RECORDS FOR THIS EXERCISE:
lemma tendsto_zero_if_le_vanishing:
  fixes a \<delta> \<gamma> :: "nat \<Rightarrow> real"
  assumes le: "eventually (\<lambda>k. a k \<le> C * (\<delta> k + 1 / \<gamma> k)) sequentially"
    and nonneg: "\<And>k. 0 \<le> a k" and \<delta>: "\<delta> \<longlonglongrightarrow> 0" and \<gamma>: "filterlim \<gamma> at_top sequentially"
  shows "a \<longlonglongrightarrow> 0"
proof (rule tendsto_sandwich[OF always_eventually[OF allI[OF nonneg]] le tendsto_const])
  have "(\<lambda>k. C * (\<delta> k + inverse (\<gamma> k))) \<longlonglongrightarrow> C * (0 + 0)"
    by (intro tendsto_mult_left tendsto_add \<delta> tendsto_inverse_0_at_top[OF \<gamma>])
  then show "(\<lambda>k. C * (\<delta> k + 1 / \<gamma> k)) \<longlonglongrightarrow> 0"
    by (simp add: inverse_eq_divide)
qed

section \<open>Generating functions and independence\<close>

lemma geometric_sum_le:
  fixes u :: real
  assumes "0 \<le> u" "u < 1"
  shows "(\<Sum>i<p. u ^ i) \<le> 1 / (1 - u)"
proof -
  have "(\<Sum>i<p. u ^ i) = (1 - u ^ p) / (1 - u)"
    using one_diff_power_eq[of u p] assms by (simp add: field_simps)
  also have "\<dots> \<le> 1 / (1 - u)"
    using assms by (intro divide_right_mono) auto
  finally show ?thesis .
qed

context prob_space
begin

lemma integrable_power_rv:
  fixes t :: real
  assumes "X \<in> measurable M (count_space UNIV)" "0 \<le> t" "t \<le> 1"
  shows "integrable M (\<lambda>\<omega>. t ^ X \<omega>)"
  by (rule integrable_const_bound[where B=1]) (use assms in \<open>auto simp: power_le_one\<close>)

lemma pgf_nonneg: "0 \<le> t \<Longrightarrow> 0 \<le> pgf M X t"
  unfolding pgf_def by (intro integral_nonneg_AE) auto

lemma pgf_le_1:
  assumes "X \<in> measurable M (count_space UNIV)" "0 \<le> t" "t \<le> 1"
  shows "pgf M X t \<le> 1"
proof -
  have "pgf M X t \<le> (\<integral>\<omega>. 1 \<partial>M)"
    unfolding pgf_def using assms
    by (intro integral_mono integrable_power_rv) (auto simp: power_le_one)
  then show ?thesis
    by (simp add: prob_space)
qed

lemma pgf_1: "pgf M X 1 = 1"
  by (simp add: pgf_def prob_space)

lemma integrable_geometric_sum_rv:
  fixes t :: real
  assumes X: "X \<in> measurable M (count_space UNIV)" and t: "0 \<le> t" "t < 1"
  shows "integrable M (\<lambda>\<omega>. \<Sum>i<X \<omega>. t ^ i)"
proof (rule integrable_const_bound[where B="1 / (1 - t)"])
  show "AE \<omega> in M. norm (\<Sum>i<X \<omega>. t ^ i) \<le> 1 / (1 - t)"
    using geometric_sum_le[OF t] t by (auto simp: sum_nonneg)
qed (use X in simp)

lemma one_minus_pgf_eq:
  fixes t :: real
  assumes X: "X \<in> measurable M (count_space UNIV)" and t: "0 \<le> t" "t < 1"
  shows "1 - pgf M X t = (1 - t) * (\<integral>\<omega>. (\<Sum>i<X \<omega>. t ^ i) \<partial>M)"
proof -
  have "1 - pgf M X t = (\<integral>\<omega>. 1 - t ^ X \<omega> \<partial>M)"
    unfolding pgf_def using integrable_power_rv[OF X] t by (simp add: prob_space)
  also have "\<dots> = (\<integral>\<omega>. (1 - t) * (\<Sum>i<X \<omega>. t ^ i) \<partial>M)"
    by (simp add: one_diff_power_eq)
  finally show ?thesis
    by simp
qed

text \<open>The difference quotient \<open>(1 - pgf t) / (1 - t) = E (\<Sum>i<X. t ^ i)\<close> is nondecreasing
  in \<open>t\<close>, hence bounded by its limit at \<open>1\<close>.\<close>

lemma one_minus_pgf_le_derivative:
  fixes f :: "real \<Rightarrow> real"
  assumes X: "X \<in> measurable M (count_space UNIV)"
    and f: "\<And>t. 0 \<le> t \<Longrightarrow> t \<le> 1 \<Longrightarrow> pgf M X t = f t"
    and D: "(f has_real_derivative D) (at 1 within {0..1})"
    and t: "0 \<le> t" "t \<le> 1"
  shows "1 - f t \<le> D * (1 - t)"
proof (cases "t = 1")
  case True
  then show ?thesis
    using f[of 1] pgf_1 by simp
next
  case False
  then have t1: "t < 1"
    using t by simp
  define Q where "Q u = (\<integral>\<omega>. (\<Sum>i<X \<omega>. u ^ i) \<partial>M)" for u :: real
  have quotient: "(f u - f 1) / (u - 1) = Q u" if "0 \<le> u" "u < 1" for u
    using one_minus_pgf_eq[OF X that] f[of u] f[of 1] pgf_1 that by (simp add: Q_def field_simps)
  have lim: "((\<lambda>u. (f u - f 1) / (u - 1)) \<longlongrightarrow> D) (at_left 1)"
    using D unfolding has_field_derivative_iff by (simp add: at_within_Icc_at_left)
  have "eventually (\<lambda>u. Q t \<le> (f u - f 1) / (u - 1)) (at_left (1::real))"
    unfolding eventually_at_left_field
  proof (intro exI[of _ t] conjI allI impI)
    fix u assume u: "t < u" "u < 1"
    have "Q t \<le> Q u"
      unfolding Q_def using u t
      by (intro integral_mono integrable_geometric_sum_rv[OF X] sum_mono power_mono) auto
    then show "Q t \<le> (f u - f 1) / (u - 1)"
      using quotient[of u] u t by simp
  qed (fact t1)
  then have "Q t \<le> D"
    by (rule tendsto_lowerbound[OF lim]) simp
  have "1 - f t = (1 - t) * Q t"
    using quotient[OF t(1) t1] f[of 1] pgf_1 t1 by (simp add: field_simps)
  also have "\<dots> \<le> (1 - t) * D"
    using \<open>Q t \<le> D\<close> t1 by (intro mult_left_mono) auto
  finally show ?thesis
    by (simp add: mult.commute)
qed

WHAT YOU WILL DO:
Restate word for word the entries above, starting at the line with "M (\<lambda>\<omega>. t" and ending at the line with "qed (use X in simp)", inclusive, and no others.

ANSWER BELOW:
  shows "integrable M (\<lambda>\<omega>. t ^ X \<omega>)"
  by (rule integrable_const_bound[where B=1]) (use assms in \<open>auto simp: power_le_one\<close>)

lemma pgf_nonneg: "0 \<le> t \<Longrightarrow> 0 \<le> pgf M X t"
  unfolding pgf_def by (intro integral_nonneg_AE) auto

lemma pgf_le_1:
  assumes "X \<in> measurable M (count_space UNIV)" "0 \<le> t" "t \<le> 1"
  shows "pgf M X t \<le> 1"
proof -
  have "pgf M X t \<le> (\<integral>\<omega>. 1 \<partial>M)"
    unfolding pgf_def using assms
    by (intro integral_mono integrable_power_rv) (auto simp: power_le_one)
  then show ?thesis
    by (simp add: prob_space)
qed

lemma pgf_1: "pgf M X 1 = 1"
  by (simp add: pgf_def prob_space)

lemma integrable_geometric_sum_rv:
  fixes t :: real
  assumes X: "X \<in> measurable M (count_space UNIV)" and t: "0 \<le> t" "t < 1"
  shows "integrable M (\<lambda>\<omega>. \<Sum>i<X \<omega>. t ^ i)"
proof (rule integrable_const_bound[where B="1 / (1 - t)"])
  show "AE \<omega> in M. norm (\<Sum>i<X \<omega>. t ^ i) \<le> 1 / (1 - t)"
    using geometric_sum_le[OF t] t by (auto simp: sum_nonneg)
qed (use X in simp)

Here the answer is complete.